There is a need to bring a sense of belonging among people and tell them that they are not without any history, he said. “People lack opportunities and platform. People have talent but do not know how to groom it. We want to be facilitators,” he said.

Iajaz Naqshbandi with his Dr Samia Fazli Naqshbandi in their newly created art gallery in Srinagar

A Family Initiative

However, he admitted that his venture may not have been possible without his family and wife’s support. Dr Samia Fazili Naqshbandi, his wife, sits next to him and has been a companion on his new journey. She is the Director of the art gallery.

“Besides launching talent to new platforms, it will help in distressing students,” Dr Fazili said. However, in the art gallery, there are pictures captured by his son, an IT graduate, Umar Naqshabndi who is based in Malaysia and also by independent photographers. “He is interested in entomology and birds,” she said with pride gleaming in her eyes as she stares at her husband’s and son’s frames in the gallery.

“Kashmir has a self-destructive mode,” the doctor said, and I have seen the pain in his eyes for the loss. “It is those memories and Kashmir I saw him painting. He is depicting Kashmir of the 1970s and ’80s.”

Besides generating awareness, of the diversity of flora and fauna in Kashmir, the couple expects art to be on the walls of educational institutions and other public and private spheres. “The diversity of natural resources, which are captured in photos and paintings are the tip of the iceberg. These should be in the corridors from school to universities,” he said as pictures may imbibe awareness of nature and may give birth to future artists.
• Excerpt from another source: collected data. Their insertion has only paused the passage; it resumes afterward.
lemma sums_odd_poly_logderiv_quot:
  "(\<lambda>i. 2 * odd_poly n 0 * odd_poly_logderiv (Suc n) (2 * real (Suc i)) / odd_poly (Suc n) (2 * real (Suc i)))
     sums (1 / (2 * real n + 1)^3)"
proof -
  have "(\<lambda>i. odd_poly_antidiff (Suc n) (2 * real (Suc i)) - odd_poly_antidiff (Suc n) (2 * real (Suc (Suc i))))
      sums (odd_poly_antidiff (Suc n) (2 * real (Suc 0)) - 0)"
    using LIMSEQ_Suc[OF odd_poly_antidiff_tendsto_0] by (intro telescope_sums') simp
  moreover have "odd_poly_antidiff (Suc n) (2 * real (Suc 0)) = odd_poly_antidiff (Suc n) 0"
    using odd_poly_antidiff_diff[of "Suc n" 0] by simp
  moreover have "odd_poly_antidiff (Suc n) (2 * real (Suc i)) - odd_poly_antidiff (Suc n) (2 * real (Suc (Suc i)))
      = odd_poly_logderiv (Suc n) (2 * real (Suc i)) / odd_poly (Suc n) (2 * real (Suc i))" for i
    by (rule odd_poly_antidiff_diff) simp
  ultimately have "(\<lambda>i. odd_poly_logderiv (Suc n) (2 * real (Suc i)) / odd_poly (Suc n) (2 * real (Suc i)))
      sums (odd_poly_antidiff (Suc n) 0)"
    by simp
  then have "(\<lambda>i. 2 * odd_poly n 0 * (odd_poly_logderiv (Suc n) (2 * real (Suc i)) / odd_poly (Suc n) (2 * real (Suc i))))
      sums (2 * odd_poly n 0 * odd_poly_antidiff (Suc n) 0)"
    by (rule sums_mult)
  moreover have "2 * odd_poly n 0 * odd_poly_antidiff (Suc n) 0 = 1 / (2 * real n + 1)^3"
  proof -
    define a where "a = 2 * real n + 1"
    define d where "d = odd_poly n 0"
    have "a \<noteq> 0" "d \<noteq> 0" using odd_poly_at_0_neq_0 by (simp_all add: a_def d_def)
    have "odd_poly_antidiff (Suc n) 0 = - 1 / (2 * a * (d * (0 - a^2)))"
      by (simp add: odd_poly_antidiff_def odd_poly_Suc odd_sq_def a_def d_def algebra_simps)
    then show ?thesis
      using \<open>a \<noteq> 0\<close> \<open>d \<noteq> 0\<close> by (simp add: a_def[symmetric] d_def[symmetric] power2_eq_square power3_eq_cube)
  qed
  ultimately show ?thesis by (simp add: mult.assoc)
qed

section \<open>The double series \<open>rho\<close>\<close>

text \<open>With \<open>f(y) = y^(-2k-2) * (\<Prod>j=1..N. odd_sq j / (odd_sq j - y^2))\<close> one has
  \<open>odd_poly_quot N m = y^(2k+2) * f(y)\<close> and \<open>rho_term N k m = -2 * f'(y)\<close> at \<open>y = 2 * m\<close>.
  Passing from \<open>N\<close> to \<open>N + 1\<close> multiplies \<open>f\<close> by \<open>u / (u - y^2)\<close> with \<open>u = odd_sq (N + 1)\<close>, which
  gives the recursions in \<open>N\<close> below.\<close>

definition odd_poly_quot :: "nat \<Rightarrow> nat \<Rightarrow> real" where
  "odd_poly_quot N m = odd_poly N 0 / odd_poly N (2 * real m)"

definition inv_gap_sum :: "nat \<Rightarrow> nat \<Rightarrow> real" where
  "inv_gap_sum N m = (\<Sum>j=1..N. 1 / (even_sq m - odd_sq j))"

definition rho_term :: "nat \<Rightarrow> nat \<Rightarrow> nat \<Rightarrow> real" where
  "rho_term N k m = 8 * real m * odd_poly_quot N m *
     (inv_gap_sum N m / even_sq m ^ (k + 1) + real (k + 1) / even_sq m ^ (k + 2))"

definition rho :: "nat \<Rightarrow> nat \<Rightarrow> real" where
  "rho N k = (\<Sum>i. rho_term N k (Suc i))"

lemma odd_poly_quot_Suc:
  "odd_poly_quot (Suc N) m = odd_poly_quot N m * odd_sq (Suc N) / (odd_sq (Suc N) - even_sq m)"
  using odd_poly_even_neq_0[of N m] even_sq_neq_odd_sq[of m "Suc N"]
  by (simp add: odd_poly_quot_def odd_poly_Suc even_sq_def field_simps)

lemma inv_gap_sum_Suc: "inv_gap_sum (Suc N) m = inv_gap_sum N m + 1 / (even_sq m - odd_sq (Suc N))"
  by (simp add: inv_gap_sum_def sum.nat_ivl_Suc')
As the Kashmiris natural landscape is changing fast and its green gold is depleting, Naqshbandi’s art is a dirge and clarion call she said.

The First Gallery

Even though art in Kashmir continues to survive in the absence of art galleries and institutional support, the Aesthetic Art Gallery will fill the much-needed vacuum. Pertinent to mention, the state art gallery following a controversy in 2015 was closed by the Tourism department in the erstwhile state. This new art gallery has painted glimmers of hope in the stifled artistic world of Kashmir.

In changing the Kashmir landscape, as constructions are sprucing and is becoming a concrete jungle, Naqshbandis’ hope and lament simultaneously. “I am still living in those times when the natural landscapes were untouched. Now I am coming to terms with painful facts,” he said.